We also did carry a story in which opposition UPND was using government motor vehicles to transport their campaign materials from a house in Lusaka's Libala residential area. There are people who were behind this. We ask them to come out in the open and explain how this was possible.

All these things will need to be known so that we can draw lessons from them in order to make good decisions for the future.

It is important to deal with these issues because they threaten the peace and stability of our country. Many of the conflicts on our continent arise from unfair contests for power. We were on the brink of electoral violence last week. We don't want that to happen again because such conflicts threaten not only the gains we have made but also our collective future. And we should treat the question of free, fair and transparent elections and stability in our country as a common challenge. We also know that for as long as the majority of people feel they are not allowed to elect their own leaders in free and fair elections, there will always be tension and conflict.

There is of course the issue of the choice of the company that was awarded to print ballot papers for last week's elections. This company, Universal Print Group, was known to have been a subject of a corruption, bribery and money laundering investigations by the Anti-Corruption Commission, but those who were responsible for awarding the contract still went ahead and gave the contract to them. They knew very well that this was against the law which requires that no government contract should be given to anyone who is involved in such type of corruption. But they still went ahead. And they were even telling lies that there was no such investigations. Why? Why did the Anti-Corruption Commission lie about this investigation? The Electoral Commission of Zambia made it very clear that they would do nothing to reverse the contract even if evidence was provided to them that this company they had contracted was involved in corruption with their own officials.
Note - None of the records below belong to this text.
(* Let $k$ be a field of characteristic not $2$, $R,S$ $k$-algebras and $\tau:S\otimes R\to R\otimes S$ a twisting map. Suppose $R$-bimodule resolutions $C_\bullet,C'_\bullet$ of $R$ and $S$-bimodule resolutions $D_\bullet,D'_\bullet$ of $S$ are compatible with $\tau$, and $$\pi_R:C'_\bullet\to C_\bullet,\quad\iota_R:C_\bullet\to C'_\bullet,\quad\pi_S:D'_\bullet\to D_\bullet,\quad\iota_S:D_\bullet\to D'_\bullet$$ are chain maps of bimodule resolutions compatible with $\tau$ satisfying $\pi_R\iota_R=1_C$ and $\pi_S\iota_S=1_D$. Then $$\pi_R\otimes\pi_S:C'_\bullet\otimes_\tau D'_\bullet\to C_\bullet\otimes_\tau D_\bullet\quad\text{and}\quad\iota_R\otimes\iota_S:C_\bullet\otimes_\tau D_\bullet\to C'_\bullet\otimes_\tau D'_\bullet$$ are chain maps of bimodule resolutions of $R\otimes_\tau S$ with $(\pi_R\otimes\pi_S)(\iota_R\otimes\iota_S)=1_{C\otimes_\tau D}$. If in addition $R$ and $S$ are graded algebras and $\pi_R,\pi_S,\iota_R,\iota_S$ are graded chain maps of graded resolutions, then $\pi_R\otimes\pi_S$ and $\iota_R\otimes\iota_S$ are graded chain maps as well.
   Context: Tensor products are over $k$, with the Koszul sign convention for graded maps. A twisting map is a bijective $k$-linear $\tau:S\otimes R\to R\otimes S$ with $\tau(1_S\otimes r)=r\otimes1_S$, $\tau(s\otimes1_R)=1_R\otimes s$ and $\tau(m_S\otimes m_R)=(m_R\otimes m_S)(1\otimes\tau\otimes1)(\tau\otimes\tau)(1\otimes\tau\otimes1)$; $R\otimes_\tau S$ is $R\otimes S$ with multiplication $(m_R\otimes m_S)(1\otimes\tau\otimes1)$. A bimodule resolution of an algebra $A$ is a complex of $A$-bimodules $P_\bullet$ with augmentation $P_0\to A$ making the augmented complex exact; chain maps of resolutions lift the identity of $A$. An $R$-bimodule resolution $C_\bullet$ of $R$ (action $\rho_C$) is compatible with $\tau$ via a bijective chain map $\tau_C:S\otimes C_\bullet\to C_\bullet\otimes S$ lifting $\tau$ with $\tau_C(m_S\otimes1)=(1\otimes m_S)(\tau_C\otimes1)(1\otimes\tau_C)$ and $\tau_C(1\otimes\rho_C)=(\rho_C\otimes1)(1\otimes1\otimes\tau)(1\otimes\tau_C\otimes1)(\tau\otimes1\otimes1)$. An $S$-bimodule resolution $D_\bullet$ of $S$ (action $\rho_D$) is compatible with $\tau$ via a bijective chain map $\tau_D:D_\bullet\otimes R\to R\otimes D_\bullet$ lifting $\tau$ with $\tau_D(1\otimes m_R)=(m_R\otimes1)(1\otimes\tau_D)(\tau_D\otimes1)$ and $\tau_D(\rho_D\otimes1)=(1\otimes\rho_D)(\tau\otimes1\otimes1)(1\otimes\tau_D\otimes1)(1\otimes1\otimes\tau)$. A chain map $\psi$ between compatible $R$-resolutions is compatible with $\tau$ if $(\psi\otimes1_S)\tau_C=\tau_{C'}(1_S\otimes\psi)$; between compatible $S$-resolutions if $(1_R\otimes\psi)\tau_D=\tau_{D'}(\psi\otimes1_R)$. The twisted product resolution $C_\bullet\otimes_\tau D_\bullet$ is the total complex $\bigoplus_{i+j=n}C_i\otimes D_j$ with differential $\partial_C\otimes1+1\otimes\partial_D$ and $(R\otimes_\tau S)$-bimodule structure $(\rho_C\otimes\rho_D)(1\otimes1\otimes\tau\otimes1\otimes1)(1\otimes\tau_C\otimes\tau_D\otimes1)$; it is a bimodule resolution of $R\otimes_\tau S$. *)

theory Defs
  imports Main "HOL-Library.Poly_Mapping"
begin
(* Let $\sigma$ be a partial action of a locally compact Hausdorff group $G$ on a locally compact Hausdorff space $X$. Consider the conditions: (P1) for every pair of compact sets $L,M\subseteq X$, the set $((L,M)):=\{t\in G:\sigma_t(L\cap X_{t^{-1}})\cap M\neq\emptyset\}$ has compact closure; (P2) for every pair of compact sets $L,M\subseteq X$, the set $((L,M))$ is compact; (P3) the map $F_\sigma\colon\Gamma_\sigma\to X\times X$, $(t,x)\mapsto(\sigma_t(x),x)$, is proper. Then (P3)$\Rightarrow$(P2)$\Rightarrow$(P1), but none of the converse implications holds in general.
   Context: A topological partial action $\sigma=(\{X_t\}_{t\in G},\{\sigma_t\}_{t\in G})$ of $G$ on $X$: open sets $X_t\subseteq X$ and homeomorphisms $\sigma_t\colon X_{t^{-1}}\to X_t$ with $X_e=X$, $\sigma_e=\mathrm{id}$, $\sigma_s(X_{s^{-1}}\cap X_t)=X_s\cap X_{st}$, $\sigma_s\sigma_t=\sigma_{st}$ on $X_{t^{-1}}\cap X_{t^{-1}s^{-1}}$, such that $\Gamma_\sigma:=\{(t,x)\in G\times X:x\in X_{t^{-1}}\}$ is open in $G\times X$ and $(t,x)\mapsto\sigma_t(x)$ is continuous on $\Gamma_\sigma$. A map is proper if preimages of compact sets are compact. *)

theory Defs
  imports "HOL-Analysis.Analysis" "HOL-Algebra.Group"
begin

definition topological_group :: "('g, 'm) monoid_scheme \<Rightarrow> 'g topology \<Rightarrow> bool" where
  "topological_group G TG \<longleftrightarrow>
     group G \<and> topspace TG = carrier G \<and>
     continuous_map (prod_topology TG TG) TG (\<lambda>(a, b). a \<otimes>\<^bsub>G\<^esub> b) \<and>
     continuous_map TG TG (\<lambda>a. inv\<^bsub>G\<^esub> a)"

definition lc_hausdorff :: "'a topology \<Rightarrow> bool" where
  "lc_hausdorff T \<longleftrightarrow> Hausdorff_space T \<and> locally_compact_space T"

definition pa_Gamma :: "('g, 'm) monoid_scheme \<Rightarrow> ('g \<Rightarrow> 'x set) \<Rightarrow> ('g \<times> 'x) set" where
  "pa_Gamma G D = {(t, x). t \<in> carrier G \<and> x \<in> D (inv\<^bsub>G\<^esub> t)}"

text \<open>Topological partial action of G on X: D t is the open set X_t, s t is sigma_t.\<close>
definition topological_partial_action ::
  "('g, 'm) monoid_scheme \<Rightarrow> 'g topology \<Rightarrow> 'x topology \<Rightarrow> ('g \<Rightarrow> 'x set) \<Rightarrow> ('g \<Rightarrow> 'x \<Rightarrow> 'x) \<Rightarrow> bool" where
  "topological_partial_action G TG X D s \<longleftrightarrow>
     (\<forall>t\<in>carrier G. openin X (D t)) \<and>
     (\<forall>t\<in>carrier G. homeomorphic_map (subtopology X (D (inv\<^bsub>G\<^esub> t))) (subtopology X (D t)) (s t)) \<and>
     D \<one>\<^bsub>G\<^esub> = topspace X \<and>
     (\<forall>x\<in>topspace X. s \<one>\<^bsub>G\<^esub> x = x) \<and>
     (\<forall>a\<in>carrier G. \<forall>t\<in>carrier G.
        s a ` (D (inv\<^bsub>G\<^esub> a) \<inter> D t) = D a \<inter> D (a \<otimes>\<^bsub>G\<^esub> t)) \<and>
     (\<forall>a\<in>carrier G. \<forall>t\<in>carrier G.
        \<forall>x \<in> D (inv\<^bsub>G\<^esub> t) \<inter> D (inv\<^bsub>G\<^esub> t \<otimes>\<^bsub>G\<^esub> inv\<^bsub>G\<^esub> a).
          s a (s t x) = s (a \<otimes>\<^bsub>G\<^esub> t) x) \<and>
     openin (prod_topology TG X) (pa_Gamma G D) \<and>
     continuous_map (subtopology (prod_topology TG X) (pa_Gamma G D)) X (\<lambda>(t, x). s t x)"

definition pa_LM :: "('g, 'm) monoid_scheme \<Rightarrow> ('g \<Rightarrow> 'x set) \<Rightarrow> ('g \<Rightarrow> 'x \<Rightarrow> 'x) \<Rightarrow> 'x set \<Rightarrow> 'x set \<Rightarrow> 'g set" where
  "pa_LM G D s L M = {t \<in> carrier G. s t ` (L \<inter> D (inv\<^bsub>G\<^esub> t)) \<inter> M \<noteq> {}}"

definition proper_on :: "'a topology \<Rightarrow> 'b topology \<Rightarrow> ('a \<Rightarrow> 'b) \<Rightarrow> bool" where
  "proper_on A B f \<longleftrightarrow> (\<forall>K. compactin B K \<longrightarrow> compactin A {a \<in> topspace A. f a \<in> K})"

definition pa_P1 where
  "pa_P1 G TG X D s \<longleftrightarrow> (\<forall>L M. compactin X L \<and> compactin X M \<longrightarrow>
      compactin TG (TG closure_of (pa_LM G D s L M)))"

definition pa_P2 where
  "pa_P2 G TG X D s \<longleftrightarrow> (\<forall>L M. compactin X L \<and> compactin X M \<longrightarrow>
      compactin TG (pa_LM G D s L M))"

definition pa_P3 where
  "pa_P3 G TG X D s \<longleftrightarrow>
     proper_on (subtopology (prod_topology TG X) (pa_Gamma G D)) (prod_topology X X)
       (\<lambda>(t, x). (s t x, x))"

end

theory Submission
  imports Defs
begin

(*
  The set ((L,M)) is the projection to G of F_sigma^-1(M x L), so (P3) gives (P2); compact
  subsets of the Hausdorff group G are closed, so (P2) gives (P1).

  For (P1) without (P2), let R act on the punctured plane by horizontal translation, where a
  point of the horizontal axis may only be translated as long as it does not pass the origin.
  Every ((L,M)) lies in the bounded set of differences of first coordinates, but for
  L = {-1} x [0,1] and M the segment from (1,0) to (2,1) it is the interval (2,3]: translating
  (-1,0) by 2 would cross the origin.  For (P2) without (P3), let {-1,1} act on R with -1
  acting as x |-> -x on R - {0} only.  The group is finite, so (P2) is trivial, but the
  preimage under F_sigma of [-1,0] x [0,1] contains {-1} x (0,1].

  Since the spaces must have real points, the punctured plane is replaced by a homeomorphic
  copy along an injection R x R -> R; the properties (P1), (P2) and being a partial action
  are invariant under such conjugation.
*)

lemma not_compact_greaterThanAtMost:
  fixes a b :: "'a::{linorder_topology, dense_order}"
  assumes "a < b"
  shows "\<not> compact {a<..b}"
proof
  assume "compact {a<..b}"
  then have "{a..b} = {a<..b}"
    using assms by (metis closure_closed closure_greaterThanAtMost compact_imp_closed)
  then show False
    using assms by (metis atLeastAtMost_iff greaterThanAtMost_iff less_irrefl order_refl less_imp_le)
qed

lemma lc_hausdorff_euclidean: "lc_hausdorff (euclidean :: 'a::heine_borel topology)"
  by (simp add: lc_hausdorff_def locally_compact_space_euclidean)

lemma lc_hausdorff_discrete_topology: "lc_hausdorff (discrete_topology U)"
  by (simp add: lc_hausdorff_def locally_compact_space_discrete_topology)

lemma lc_hausdorff_homeomorphic_space:
  "X homeomorphic_space Y \<Longrightarrow> lc_hausdorff X \<longleftrightarrow> lc_hausdorff Y"
  unfolding lc_hausdorff_def
  using homeomorphic_Hausdorff_space homeomorphic_locally_compact_space by blast

lemma pa_dom_subset_topspace:
  assumes "topological_partial_action G TG X D s" "t \<in> carrier G"
  shows "D t \<subseteq> topspace X"
  using assms openin_subset unfolding topological_partial_action_def by blast

lemma pa_maps_dom:
  assumes tpa: "topological_partial_action G TG X D s" and "group G"
    and t: "t \<in> carrier G" and x: "x \<in> D (inv\<^bsub>G\<^esub> t)"
  shows "s t x \<in> D t"
proof -
  have "continuous_map (subtopology X (D (inv\<^bsub>G\<^esub> t))) (subtopology X (D t)) (s t)"
    using tpa t homeomorphic_imp_continuous_map unfolding topological_partial_action_def by blast
  then have "s t \<in> topspace X \<inter> D (inv\<^bsub>G\<^esub> t) \<rightarrow> topspace X \<inter> D t"
    by (metis continuous_map_funspace topspace_subtopology)
  moreover have "x \<in> topspace X"
    using pa_dom_subset_topspace[OF tpa] x t \<open>group G\<close> by (auto dest: group.inv_closed)
  ultimately show ?thesis
    using x by auto
qed

lemma pa_LM_iff:
  "t \<in> pa_LM G D s L M \<longleftrightarrow> t \<in> carrier G \<and> (\<exists>x \<in> L \<inter> D (inv\<^bsub>G\<^esub> t). s t x \<in> M)"
  unfolding pa_LM_def by blast

lemma pa_LM_eq_image_fst:
  assumes "topspace TG = carrier G" "L \<subseteq> topspace X"
  shows "pa_LM G D s L M =
           fst ` {a \<in> topspace (subtopology (prod_topology TG X) (pa_Gamma G D)).
                    (\<lambda>(t, x). (s t x, x)) a \<in> M \<times> L}"
proof (intro equalityI subsetI)
  fix t assume "t \<in> pa_LM G D s L M"
  then obtain x where "t \<in> carrier G" "x \<in> L" "x \<in> D (inv\<^bsub>G\<^esub> t)" "s t x \<in> M"
    unfolding pa_LM_def by blast
  with assms show "t \<in> fst ` {a \<in> topspace (subtopology (prod_topology TG X) (pa_Gamma G D)).
                    (\<lambda>(t, x). (s t x, x)) a \<in> M \<times> L}"
    by (intro image_eqI[of t fst "(t, x)"]) (auto simp: pa_Gamma_def)
qed (fastforce simp: pa_LM_def pa_Gamma_def)

lemma pa_P3_imp_P2:
  assumes "pa_P3 G TG X D s" "topspace TG = carrier G"
  shows "pa_P2 G TG X D s"
  unfolding pa_P2_def
proof (intro allI impI)
  fix L M assume LM: "compactin X L \<and> compactin X M"
  let ?\<Gamma> = "subtopology (prod_topology TG X) (pa_Gamma G D)"
  have "compactin ?\<Gamma> {a \<in> topspace ?\<Gamma>. (\<lambda>(t, x). (s t x, x)) a \<in> M \<times> L}"
    using assms(1) LM unfolding pa_P3_def proper_on_def by (simp add: compactin_Times)
  then have "compactin TG (fst ` {a \<in> topspace ?\<Gamma>. (\<lambda>(t, x). (s t x, x)) a \<in> M \<times> L})"
    by (rule image_compactin) (simp add: continuous_map_from_subtopology continuous_map_fst)
  moreover have "L \<subseteq> topspace X"
    using LM compactin_subset_topspace by blast
  ultimately show "compactin TG (pa_LM G D s L M)"
    by (simp add: pa_LM_eq_image_fst[OF assms(2)])
qed

lemma pa_P2_imp_P1:
  assumes "pa_P2 G TG X D s" "Hausdorff_space TG"
  shows "pa_P1 G TG X D s"
  using assms unfolding pa_P2_def pa_P1_def
  by (metis closure_of_eq compactin_imp_closedin)

lemma pa_P3_imp_compactin_slice:
  assumes P3: "pa_P3 G TG X D s" and "Hausdorff_space TG" "topspace TG = carrier G"
    and t: "t \<in> carrier G" and L: "compactin X L" and M: "compactin X M"
  shows "compactin X {x \<in> L \<inter> D (inv\<^bsub>G\<^esub> t). s t x \<in> M}"
proof -
  let ?\<Gamma> = "subtopology (prod_topology TG X) (pa_Gamma G D)"
  let ?P = "{a \<in> topspace ?\<Gamma>. (\<lambda>(t, x). (s t x, x)) a \<in> M \<times> L}"
  have "compactin ?\<Gamma> ?P"
    using P3 L M unfolding pa_P3_def proper_on_def by (simp add: compactin_Times)
  then have "compactin (prod_topology TG X) ?P"
    by (simp add: compactin_subtopology)
  moreover have "closedin (prod_topology TG X) ({t} \<times> topspace X)"
    using assms by (simp add: closedin_prod_Times_iff closedin_Hausdorff_singleton)
  ultimately have "compactin X (snd ` (({t} \<times> topspace X) \<inter> ?P))"
    using closed_Int_compactin image_compactin continuous_map_snd by blast
  moreover have "snd ` (({t} \<times> topspace X) \<inter> ?P) = {x \<in> L \<inter> D (inv\<^bsub>G\<^esub> t). s t x \<in> M}"
  proof (intro equalityI subsetI)
    fix x assume "x \<in> {x \<in> L \<inter> D (inv\<^bsub>G\<^esub> t). s t x \<in> M}"
    with assms compactin_subset_topspace[OF L] show "x \<in> snd ` (({t} \<times> topspace X) \<inter> ?P)"
      by (intro image_eqI[of x snd "(t, x)"]) (auto simp: pa_Gamma_def)
  qed (auto simp: pa_Gamma_def)
  ultimately show ?thesis
    by simp
qed
lemma ms_entropy_le_ln_card:
  fixes \<mu> :: "('d::finite, 'a::finite) config measure"
  assumes "\<mu> \<in> invariant_measures"
  shows "ms_entropy \<mu> \<le> ln (real CARD('a))"
  using ms_entropy_le_block_entropy_density[OF assms, of 1]
    block_entropy_density_le_ln_card[OF invariant_measures_shift_prob[OF assms], of 1] by simp

section \<open>Continuous observables\<close>

lemma topspace_shift_topology [simp]: "topspace (shift_topology :: ('d, 'a) config topology) = UNIV"
  by (simp add: shift_topology_def)

lemma compact_space_shift_topology:
  "compact_space (shift_topology :: ('d, 'a::finite) config topology)"
  unfolding shift_topology_def
  by (simp add: compact_space_product_topology compact_space_discrete_topology)

lemma openin_cylinder:
  assumes "finite J"
  shows "openin shift_topology (cylinder J w)"
  unfolding shift_topology_def openin_product_topology_alt
proof (intro ballI)
  fix x assume x: "x \<in> cylinder J w"
  define U where "U = (\<lambda>i. if i \<in> J then {w i} else UNIV)"
  have "finite {i \<in> UNIV. U i \<noteq> topspace (discrete_topology UNIV)}"
    by (rule finite_subset[OF _ assms]) (auto simp: U_def split: if_splits)
  moreover have "x \<in> PiE UNIV U" "PiE UNIV U \<subseteq> cylinder J w"
    using x by (auto simp: U_def cylinder_def PiE_UNIV_domain Pi_def)
  ultimately show "\<exists>U. finite {i \<in> UNIV. U i \<noteq> topspace (discrete_topology UNIV)} \<and>
      (\<forall>i\<in>UNIV. openin (discrete_topology UNIV) (U i)) \<and> x \<in> PiE UNIV U \<and> PiE UNIV U \<subseteq> cylinder J w"
    by auto
qed

lemma closedin_cylinder:
  fixes w :: "('d \<Rightarrow> int) \<Rightarrow> 'a::finite"
  assumes "finite J"
  shows "closedin shift_topology (cylinder J w)"
proof -
  have "UNIV - cylinder J w = (\<Union>v\<in>{v\<in>words J. v \<noteq> restrict w J}. cylinder J v)"
  proof safe
    fix x assume "x \<notin> cylinder J w"
    then have "restrict x J \<noteq> restrict w J" by (auto simp: cylinder_def restrict_def fun_eq_iff)
    then show "x \<in> (\<Union>v\<in>{v\<in>words J. v \<noteq> restrict w J}. cylinder J v)"
      by (intro UN_I[of "restrict x J"]) (auto simp: mem_cylinder_restrict)
  next
    fix x v assume v: "v \<in> words J" "v \<noteq> restrict w J" "x \<in> cylinder J v" "x \<in> cylinder J w"
    have "v = restrict x J" using v(1,3) by (simp add: cylinder_eq_restrict)
    moreover have "restrict x J = restrict w J" using v(4) by (auto simp: cylinder_def restrict_def)
    ultimately show False using v(2) by simp
  qed simp
  moreover have "openin shift_topology (\<Union>v\<in>{v\<in>words J. v \<noteq> restrict w J}. cylinder J v)"
    using openin_cylinder[OF assms] by (intro openin_Union) auto
  ultimately show ?thesis unfolding closedin_def by simp
qed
And this was two weeks before the printing of the ballot papers commenced. Why did the Electoral Commission of Zambia pretend not to know of Universal Print Group's corruption when they actually knew everything? All this needs to be known so that in future there is no repeat of this.

This is the only way we are going to build a better society, a more just, fair and humane nation. And we are saying all this in the understanding that the individual does best in a strong and decent community of people with principles and standards and common aims and values.

There was naked abuse of power and people need to be protected from such abuses in future. We can't protect the ordinary against abuse of power by leaving them to it; we must protect each other - this can only be done together. Leaders lead, but in the end, the people govern.

We should try to build a nation with pride in itself. A thriving nation, rich in economic prosperity, secure in social justice, confident in political change. A land in which our children can bring up their children with a future to look forward to. That should be our hope. Not just to promise change - but to achieve it.

And those calling for reconciliation should be very clear and honest about what they want to reconcile. Is it impunity or reconciliation they really want? We ask this question because reconciliation is to seek and ask forgiveness after one has confessed his or her wrongs. Reconciliation is the fruit of honesty, truth and solidarity. And in true reconciliation both sides of the issue should balance.

And strictly speaking, this call for reconciliation is nonsense. We say this because what needs to be reconciled is the books of public accounts from which Rupiah and his friends were stealing. This is what needs reconciliation. The rest can be taken care of by arrests and prosecutions. It is that which will produce true reconciliation by sending the guilty to jail and making them pay back what they have stolen.